lemma expectation_square_sum_le:
  fixes X :: "nat \<Rightarrow> 'a \<Rightarrow> real"
  assumes [measurable]: "\<And>s. X s \<in> borel_measurable M"
    and bounded: "\<And>s. AE \<omega> in M. \<bar>X s \<omega>\<bar> \<le> B"
    and uncorrelated: "\<And>a b. a \<noteq> b \<Longrightarrow> expectation (\<lambda>\<omega>. X a \<omega> * X b \<omega>) = 0"
  shows "integrable M (\<lambda>\<omega>. (\<Sum>s<n. X s \<omega>)\<^sup>2)"
    and "expectation (\<lambda>\<omega>. (\<Sum>s<n. X s \<omega>)\<^sup>2) \<le> real n * B\<^sup>2"
proof -
  have product_bounded: "AE \<omega> in M. \<bar>X a \<omega> * X b \<omega>\<bar> \<le> B\<^sup>2" for a b
    using bounded[of a] bounded[of b]
    by eventually_elim (simp add: abs_mult power2_eq_square mult_mono')
  have integrable_product: "integrable M (\<lambda>\<omega>. X a \<omega> * X b \<omega>)" for a b
    using product_bounded[of a b] by (intro integrable_const_bound[where B="B\<^sup>2"]) simp_all
  have square: "(\<Sum>s<n. X s \<omega>)\<^sup>2 = (\<Sum>a<n. \<Sum>b<n. X a \<omega> * X b \<omega>)" for \<omega>
    unfolding power2_eq_square sum_product ..
  show "integrable M (\<lambda>\<omega>. (\<Sum>s<n. X s \<omega>)\<^sup>2)"
    unfolding square by (simp add: integrable_product)
  have "expectation (\<lambda>\<omega>. (\<Sum>s<n. X s \<omega>)\<^sup>2) = (\<Sum>a<n. \<Sum>b<n. expectation (\<lambda>\<omega>. X a \<omega> * X b \<omega>))"
    unfolding square by (simp add: integrable_product)
  also have "\<dots> = (\<Sum>a<n. expectation (\<lambda>\<omega>. X a \<omega> * X a \<omega>))"
  proof (intro sum.cong refl)
    fix a assume "a \<in> {..<n}"
    moreover have "(\<Sum>b<n. expectation (\<lambda>\<omega>. X a \<omega> * X b \<omega>))
        = (\<Sum>b<n. if b = a then expectation (\<lambda>\<omega>. X a \<omega> * X a \<omega>) else 0)"
      using uncorrelated by (intro sum.cong) auto
    ultimately show "(\<Sum>b<n. expectation (\<lambda>\<omega>. X a \<omega> * X b \<omega>)) = expectation (\<lambda>\<omega>. X a \<omega> * X a \<omega>)"
      by simp
  qed
  also have "\<dots> \<le> (\<Sum>a<n. B\<^sup>2)"
  proof (intro sum_mono)
    fix a
    have "expectation (\<lambda>\<omega>. X a \<omega> * X a \<omega>) \<le> expectation (\<lambda>\<omega>. B\<^sup>2)"
      using product_bounded[of a a] by (intro integral_mono_AE integrable_product) auto
    then show "expectation (\<lambda>\<omega>. X a \<omega> * X a \<omega>) \<le> B\<^sup>2" by (simp add: prob_space)
  qed
  finally show "expectation (\<lambda>\<omega>. (\<Sum>s<n. X s \<omega>)\<^sup>2) \<le> real n * B\<^sup>2" by simp
qed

=== What the task asks ===
Through the line that contains "(\<Sum>a<n. \<Sum>b<n. expectation", copy the material above exactly, beginning at its first line and including nothing more.

=== Response to the exercise ===
lemma expectation_square_sum_le:
  fixes X :: "nat \<Rightarrow> 'a \<Rightarrow> real"
  assumes [measurable]: "\<And>s. X s \<in> borel_measurable M"
    and bounded: "\<And>s. AE \<omega> in M. \<bar>X s \<omega>\<bar> \<le> B"
    and uncorrelated: "\<And>a b. a \<noteq> b \<Longrightarrow> expectation (\<lambda>\<omega>. X a \<omega> * X b \<omega>) = 0"
  shows "integrable M (\<lambda>\<omega>. (\<Sum>s<n. X s \<omega>)\<^sup>2)"
    and "expectation (\<lambda>\<omega>. (\<Sum>s<n. X s \<omega>)\<^sup>2) \<le> real n * B\<^sup>2"
proof -
  have product_bounded: "AE \<omega> in M. \<bar>X a \<omega> * X b \<omega>\<bar> \<le> B\<^sup>2" for a b
    using bounded[of a] bounded[of b]
    by eventually_elim (simp add: abs_mult power2_eq_square mult_mono')
  have integrable_product: "integrable M (\<lambda>\<omega>. X a \<omega> * X b \<omega>)" for a b
    using product_bounded[of a b] by (intro integrable_const_bound[where B="B\<^sup>2"]) simp_all
  have square: "(\<Sum>s<n. X s \<omega>)\<^sup>2 = (\<Sum>a<n. \<Sum>b<n. X a \<omega> * X b \<omega>)" for \<omega>
    unfolding power2_eq_square sum_product ..
  show "integrable M (\<lambda>\<omega>. (\<Sum>s<n. X s \<omega>)\<^sup>2)"
    unfolding square by (simp add: integrable_product)
  have "expectation (\<lambda>\<omega>. (\<Sum>s<n. X s \<omega>)\<^sup>2) = (\<Sum>a<n. \<Sum>b<n. expectation (\<lambda>\<omega>. X a \<omega> * X b \<omega>))"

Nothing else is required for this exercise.